For those who are lucky enough to travel the world, a common problem we might face is getting sick while abroad. Never has it been more important to have great gut health, especially in todays globalized world. On any given day we might enjoy food that has come from all over the world, showing that not only travelers should be concerned about the health benefits of probiotics.

What are the health benefits of probiotics?

The health benefits of probiotics can extend itself from boosting your immune system all the way to fighting food born illnesses. Control of your gut has been shown to improve health on a deep level.

Bacterial Gastroenteritis is a bacterium that causes an infection in your gut.

One of the ways bacterial gastroenteritis tends to develop is from contamination of food sources by bacteria.
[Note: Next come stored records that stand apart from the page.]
(* Let $\Gamma$ be a single-player extensive-form game and let $\mathscr C$ be the class of all single-player games sharing the same game tree and infoset partition as $\Gamma$ (with arbitrary nonnegative utilities). Then $$\mathrm{VoR}^{\mathrm{opt}}(\mathscr C)\le \max_{z\in\mathcal Z,\,h\in\mathcal H_c}\frac{\beta(h)}{\alpha(z)}.$$
   Context: An extensive-form game consists of a finite rooted tree with node set $\mathcal H$, leaves $\mathcal Z$, actions $A_h$ at nonterminal $h$; nonterminal nodes belong either to the single player (Player 1) or to chance; $\mathcal H_c$ is the set of chance nodes, each with a fixed distribution $\mathbb P_c(\cdot\mid h)$ on $A_h$. Player 1 has utility $u_1:\mathcal Z\to\mathbb R_{\ge0}$ and a partition $\mathcal I_1$ of its nodes into infosets, with a common action set $A_I$ for all nodes of an infoset $I$. The game tree is $\mathcal H$ with its actions and chance distributions. For a node $h$ at depth $d$, let $(h_0,\dots,h_{d-1})$ be the root-to-$h$ path (excluding $h$) and $\mathrm{obs}(h)=(i_k,I_k,a_k)_{k=0}^{d-1}$ with $i_k$ the player (1 or chance) at $h_k$, $I_k$ the infoset of $h_k$ (for player nodes), $a_k$ the action taken at $h_k$. A behavioral strategy $\pi$ assigns $\pi(\cdot\mid I)\in\Delta(A_I)$ to each $I$; $\mathbb P(z\mid\pi)$ is the reach probability of $z$; $U_1(\pi)=\sum_z\mathbb P(z\mid\pi)u_1(z)$; $u_1(\mathrm{opt}(\Gamma))=\max_\pi U_1(\pi)$. $\mathrm{pr}_1(\Gamma)$ has the same tree and utilities, with each $I\in\mathcal I_1$ partitioned by $h\sim h'\iff\mathrm{obs}_1(h)=\mathrm{obs}_1(h')$, where $\mathrm{obs}_1$ is the subsequence of $\mathrm{obs}$ with $i_k=1$. $\mathrm{VoR}^{\mathrm{opt}}(\Gamma)=u_1(\mathrm{opt}(\mathrm{pr}_1(\Gamma)))/u_1(\mathrm{opt}(\Gamma))$, and $\mathrm{VoR}^{\mathrm{opt}}(\mathscr C)=\sup_{\Gamma\in\mathscr C}\mathrm{VoR}^{\mathrm{opt}}(\Gamma)$. Absentmindedness coefficient: for $z\in\mathcal Z$, $I\in\mathcal I_1$ and $a\in A_I$, let $n_z(I)=|\{k:I_k=I\}|$, $n_z(a)=|\{k:I_k=I,a_k=a\}|$, $p_z(a)=n_z(a)/n_z(I)$, and $\alpha(z)=\prod_{I\in\mathcal I_1:n_z(I)>1}\ \prod_{a\in A_I:n_z(a)>0}p_z(a)^{n_z(a)}\in(0,1]$. Branching factor: for a chance node $h$ and $a\in A_h$, let $H_{ha}$ be the set of chance nodes in the subtree rooted at the child of $h$ reached by $a$; set $b_h(a)=1$ if $H_{ha}=\emptyset$ and $b_h(a)=\max_{h'\in H_{ha}}\beta(h')$ otherwise, and $\beta(h)=\sum_{a\in A_h}b_h(a)$ (defined recursively bottom-up). By convention, $\max_{h\in\mathcal H_c}\beta(h)=1$ if $\mathcal H_c=\emptyset$. *)

theory Defs
  imports Complex_Main "HOL-Library.Extended_Real"
begin

text \<open>
Game trees: nodes are action histories (lists of actions), the node set H is a
finite prefix-closed set of lists containing the root [].
\<close>

definition acts :: "'a list set \<Rightarrow> 'a list \<Rightarrow> 'a set" where
  "acts H h = {a. h @ [a] \<in> H}"

definition leaves :: "'a list set \<Rightarrow> 'a list set" where
  "leaves H = {h \<in> H. acts H h = {}}"

definition pnodes :: "'a list set \<Rightarrow> 'a list set \<Rightarrow> 'a list set" where
  "pnodes H Hc = {h \<in> H. acts H h \<noteq> {}} - Hc"

definition wf_game :: "'a list set \<Rightarrow> 'a list set \<Rightarrow> ('a list \<Rightarrow> 'a \<Rightarrow> real)
    \<Rightarrow> ('a list \<Rightarrow> 'i) \<Rightarrow> bool" where
  "wf_game H Hc Pc infs \<longleftrightarrow>
     finite H \<and> [] \<in> H \<and> (\<forall>h a. h @ [a] \<in> H \<longrightarrow> h \<in> H) \<and>
     Hc \<subseteq> H - leaves H \<and>
     (\<forall>h\<in>Hc. (\<forall>a\<in>acts H h. Pc h a \<ge> 0) \<and> (\<Sum>a\<in>acts H h. Pc h a) = 1) \<and>
     (\<forall>h\<in>pnodes H Hc. \<forall>h'\<in>pnodes H Hc. infs h = infs h' \<longrightarrow> acts H h = acts H h')"

definition valid_strat :: "'a list set \<Rightarrow> 'a list set \<Rightarrow> ('a list \<Rightarrow> 'j)
    \<Rightarrow> ('j \<Rightarrow> 'a \<Rightarrow> real) \<Rightarrow> bool" where
  "valid_strat H Hc infs \<pi> \<longleftrightarrow>
     (\<forall>h\<in>pnodes H Hc. (\<forall>a\<in>acts H h. \<pi> (infs h) a \<ge> 0) \<and> (\<Sum>a\<in>acts H h. \<pi> (infs h) a) = 1)"

definition reach :: "'a list set \<Rightarrow> ('a list \<Rightarrow> 'a \<Rightarrow> real) \<Rightarrow> ('a list \<Rightarrow> 'j)
    \<Rightarrow> ('j \<Rightarrow> 'a \<Rightarrow> real) \<Rightarrow> 'a list \<Rightarrow> real" where
  "reach Hc Pc infs \<pi> z =
     (\<Prod>k<length z. if take k z \<in> Hc then Pc (take k z) (z ! k) else \<pi> (infs (take k z)) (z ! k))"

definition util :: "'a list set \<Rightarrow> 'a list set \<Rightarrow> ('a list \<Rightarrow> 'a \<Rightarrow> real) \<Rightarrow> ('a list \<Rightarrow> 'j)
    \<Rightarrow> ('a list \<Rightarrow> real) \<Rightarrow> ('j \<Rightarrow> 'a \<Rightarrow> real) \<Rightarrow> real" where
  "util H Hc Pc infs u \<pi> = (\<Sum>z\<in>leaves H. reach Hc Pc infs \<pi> z * u z)"

text \<open>Optimal value u_1(opt(Gamma)) (a maximum; written as a supremum).\<close>
definition opt_val :: "'a list set \<Rightarrow> 'a list set \<Rightarrow> ('a list \<Rightarrow> 'a \<Rightarrow> real) \<Rightarrow> ('a list \<Rightarrow> 'j)
    \<Rightarrow> ('a list \<Rightarrow> real) \<Rightarrow> real" where
  "opt_val H Hc Pc infs u = Sup (util H Hc Pc infs u ` {\<pi>. valid_strat H Hc infs \<pi>})"

definition obs1 :: "'a list set \<Rightarrow> 'a list set \<Rightarrow> ('a list \<Rightarrow> 'i) \<Rightarrow> 'a list \<Rightarrow> ('i \<times> 'a) list" where
  "obs1 H Hc infs h =
     map (\<lambda>k. (infs (take k h), h ! k)) (filter (\<lambda>k. take k h \<in> pnodes H Hc) [0..<length h])"

text \<open>Infoset labelling of pr_1(Gamma): h ~ h' iff same infoset and same obs_1.\<close>
definition pr_inf :: "'a list set \<Rightarrow> 'a list set \<Rightarrow> ('a list \<Rightarrow> 'i) \<Rightarrow> 'a list \<Rightarrow> 'i \<times> ('i \<times> 'a) list" where
  "pr_inf H Hc infs h = (infs h, obs1 H Hc infs h)"

definition VoR_opt :: "'a list set \<Rightarrow> 'a list set \<Rightarrow> ('a list \<Rightarrow> 'a \<Rightarrow> real) \<Rightarrow> ('a list \<Rightarrow> 'i)
    \<Rightarrow> ('a list \<Rightarrow> real) \<Rightarrow> real" where
  "VoR_opt H Hc Pc infs u = opt_val H Hc Pc (pr_inf H Hc infs) u / opt_val H Hc Pc infs u"

definition n_I :: "'a list set \<Rightarrow> 'a list set \<Rightarrow> ('a list \<Rightarrow> 'i) \<Rightarrow> 'a list \<Rightarrow> 'i \<Rightarrow> nat" where
  "n_I H Hc infs z I = card {k. k < length z \<and> take k z \<in> pnodes H Hc \<and> infs (take k z) = I}"

definition n_a :: "'a list set \<Rightarrow> 'a list set \<Rightarrow> ('a list \<Rightarrow> 'i) \<Rightarrow> 'a list \<Rightarrow> 'i \<Rightarrow> 'a \<Rightarrow> nat" where
  "n_a H Hc infs z I a =
     card {k. k < length z \<and> take k z \<in> pnodes H Hc \<and> infs (take k z) = I \<and> z ! k = a}"

definition alpha :: "'a list set \<Rightarrow> 'a list set \<Rightarrow> ('a list \<Rightarrow> 'i) \<Rightarrow> 'a list \<Rightarrow> real" where
  "alpha H Hc infs z =
     (\<Prod>I\<in>{I. (\<exists>k<length z. take k z \<in> pnodes H Hc \<and> infs (take k z) = I) \<and> 1 < n_I H Hc infs z I}.
       \<Prod>a\<in>{z ! k |k. k < length z \<and> take k z \<in> pnodes H Hc \<and> infs (take k z) = I}.
         (real (n_a H Hc infs z I a) / real (n_I H Hc infs z I)) ^ n_a H Hc infs z I a)"

text \<open>Branching factor, by bottom-up recursion (with a fuel argument bounding the
  recursion depth; fuel card H always suffices since histories in H have length < card H).\<close>
fun beta_fuel :: "nat \<Rightarrow> 'a list set \<Rightarrow> 'a list set \<Rightarrow> 'a list \<Rightarrow> nat" where
  "beta_fuel 0 H Hc h = 0"
| "beta_fuel (Suc n) H Hc h =
     (\<Sum>a\<in>acts H h.
        (let S = {h' \<in> Hc. (\<exists>t. h' = h @ [a] @ t)} in
         if S = {} then 1 else Max (beta_fuel n H Hc ` S)))"

definition beta :: "'a list set \<Rightarrow> 'a list set \<Rightarrow> 'a list \<Rightarrow> nat" where
  "beta H Hc h = beta_fuel (card H) H Hc h"

definition beta_max :: "'a list set \<Rightarrow> 'a list set \<Rightarrow> real" where
  "beta_max H Hc = (if Hc = {} then 1 else real (Max (beta H Hc ` Hc)))"

definition VoR_bound :: "'a list set \<Rightarrow> 'a list set \<Rightarrow> ('a list \<Rightarrow> 'i) \<Rightarrow> real" where
  "VoR_bound H Hc infs = Max ((\<lambda>z. beta_max H Hc / alpha H Hc infs z) ` leaves H)"

end

theory Submission
  imports Defs
begin

text \<open>
Split the reach probability of a leaf \<open>z\<close> into the chance part \<open>chance_reach z\<close> and the
player's part. For any behavioural strategy, of \<open>\<Gamma>\<close> or of any refinement of its infosets such
as \<open>pr\<^sub>1(\<Gamma>)\<close>, the player parts summed over all leaves are at most \<open>max\<^sub>h \<beta>(h)\<close>: going
up the tree, at a chance node the sums of the subtrees add up, which is exactly what \<open>\<beta>\<close>
counts, while at a player node they are averaged. Hence every strategy earns at most
\<open>max\<^sub>h \<beta>(h) \<cdot> M\<close> with \<open>M = max\<^sub>z chance_reach z \<cdot> u z\<close>. Conversely, if \<open>z\<close> attains \<open>M\<close>,
the strategy that plays at every infoset the empirical action frequencies along \<open>z\<close> reaches \<open>z\<close>
with player probability exactly \<open>\<alpha>(z)\<close> (group the factors by infoset and then by action), so
\<open>opt(\<Gamma>) \<ge> \<alpha>(z) \<cdot> M\<close>.
\<close>

lemma Max_image_le_Max_image:
  assumes "finite T" "S \<subseteq> T" "S \<noteq> {}" "\<And>x. x \<in> S \<Longrightarrow> f x \<le> g x"
  shows "Max (f ` S) \<le> Max (g ` T)"
proof (rule Max.boundedI)
  show "finite (f ` S)" using finite_subset[OF assms(2,1)] by simp
  show "f ` S \<noteq> {}" using assms(3) by simp
  fix y assume "y \<in> f ` S"
  then obtain x where "x \<in> S" "y = f x" by blast
  then show "y \<le> Max (g ` T)"
    using assms by (meson Max_ge finite_imageI imageI order_trans subsetD)
qed

lemma card_eq_sum_card_fibres:
  assumes "finite K" "finite T" "f ` K \<subseteq> T"
  shows "card K = (\<Sum>x\<in>T. card {k \<in> K. f k = x})"
  using sum.group[OF assms, of "\<lambda>_. 1 :: nat"] by simp

lemma prod_image_power:
  assumes "finite K"
  shows "(\<Prod>k\<in>K. g (f k)) = (\<Prod>x\<in>f ` K. g x ^ card {k \<in> K. f k = x})"
proof -
  have "(\<Prod>k\<in>K. g (f k)) = (\<Prod>x\<in>f ` K. \<Prod>k\<in>{k \<in> K. f k = x}. g (f k))"
    by (rule prod.group[symmetric]) (use assms in auto)
  also have "\<dots> = (\<Prod>x\<in>f ` K. g x ^ card {k \<in> K. f k = x})"
    by (intro prod.cong refl) simp
  finally show ?thesis .
qed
We commonly know this as “food poisoning.”


Do probiotics have side effects?

While some people will face side effects due to probiotics, the side effects tend to be mild and digestive such as gas.

While certain bacteria’s are very harmful, probiotics and prebiotics are good bacteria’s that can be very beneficial for your digestive system and even protects you from bad bacteria.

What are Prebiotics and Probiotics?

Probiotics are living bacteria that are great for your health and digestive system. Probiotics can help your immune system while promoting a healthy digestive track.

Probiotic comes from two Greek root words “pro” meaning “to promote” and “biotic” which means “life.”

Prebiotic is a non-digestible carbohydrate that acts as food for probiotics and bacteria in your gut. Prebiotic comes before and helps the probiotic. When the two combine we have what we call synbiotics.

Do probiotics help fight off infection? 

Elia Metchnikoff also known as the father of probiotics had discovered probiotics in the 20th century. Metchnikoff had observed the long life span of rural dwellers in Bulgaria. Metchnikoff theorized that host friendly bacteria found in sour milk enhanced their health.

There are billions of bacteria living within your digestive track and colon. This environment of bacteria is called a microbiome. Your stool has over 70% bacteria and is a mixture specific to each individual.

Auto Immune diseases such as Crohn’s, lupus, rheumatoid arthritis, ulcerative colitis, are more common in first world nations then less developed countries. The reason why this happens is called Hygiene Hypothesis.

Hygiene hypothesis is a term that suggests affluent societies have children who are less exposed to a variety of gut bacteria found in other parts of the world, which suppresses the natural development of the immune system.

Our diet is also greatly affected by the development of our autoimmune system. If our guts are not healthy the way it should, western diets that are high in fats, sugar, and meats, will be more susceptible to stomach diseases even obesity and type II diabetes.

A quick Biological tour of Prebiotics:

Majority of prebiotics are identified as oligosaccharides, which are resistant to our human digestive enzymes. Oligosaccharide passes though our upper Gastro Intestinal system without being digested. Fermentation then happens in our lower colon producing short-chain fatty acids, which nourishes the microbiota that live there.